## PROBLEM REQUIREMENTS:
Take the records below and print them verbatim up to and including the line that carries "type_synonym 'b param".

Extracted data entries
* * * *

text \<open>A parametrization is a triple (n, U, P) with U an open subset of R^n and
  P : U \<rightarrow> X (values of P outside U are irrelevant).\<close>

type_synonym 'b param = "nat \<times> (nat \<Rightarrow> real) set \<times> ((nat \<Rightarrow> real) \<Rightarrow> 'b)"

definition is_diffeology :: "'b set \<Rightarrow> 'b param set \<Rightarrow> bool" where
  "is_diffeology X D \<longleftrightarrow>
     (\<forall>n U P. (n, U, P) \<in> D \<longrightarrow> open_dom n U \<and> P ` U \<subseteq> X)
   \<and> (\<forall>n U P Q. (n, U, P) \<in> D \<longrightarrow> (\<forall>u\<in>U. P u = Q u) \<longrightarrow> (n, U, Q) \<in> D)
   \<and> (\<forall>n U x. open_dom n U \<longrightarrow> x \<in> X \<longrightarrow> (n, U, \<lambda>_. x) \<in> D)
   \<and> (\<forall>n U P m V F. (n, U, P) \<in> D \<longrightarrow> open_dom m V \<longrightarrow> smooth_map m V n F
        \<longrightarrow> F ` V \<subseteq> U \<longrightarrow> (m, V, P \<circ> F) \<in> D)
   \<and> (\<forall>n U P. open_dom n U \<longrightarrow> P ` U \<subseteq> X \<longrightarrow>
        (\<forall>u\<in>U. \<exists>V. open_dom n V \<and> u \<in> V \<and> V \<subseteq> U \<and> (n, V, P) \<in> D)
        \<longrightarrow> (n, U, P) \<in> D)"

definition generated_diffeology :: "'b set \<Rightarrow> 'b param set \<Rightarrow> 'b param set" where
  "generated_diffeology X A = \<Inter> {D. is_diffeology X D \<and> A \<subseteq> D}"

* * * *

## SOLVED EXERCISE:
text \<open>A parametrization is a triple (n, U, P) with U an open subset of R^n and
  P : U \<rightarrow> X (values of P outside U are irrelevant).\<close>

type_synonym 'b param = "nat \<times> (nat \<Rightarrow> real) set \<times> ((nat \<Rightarrow> real) \<Rightarrow> 'b)"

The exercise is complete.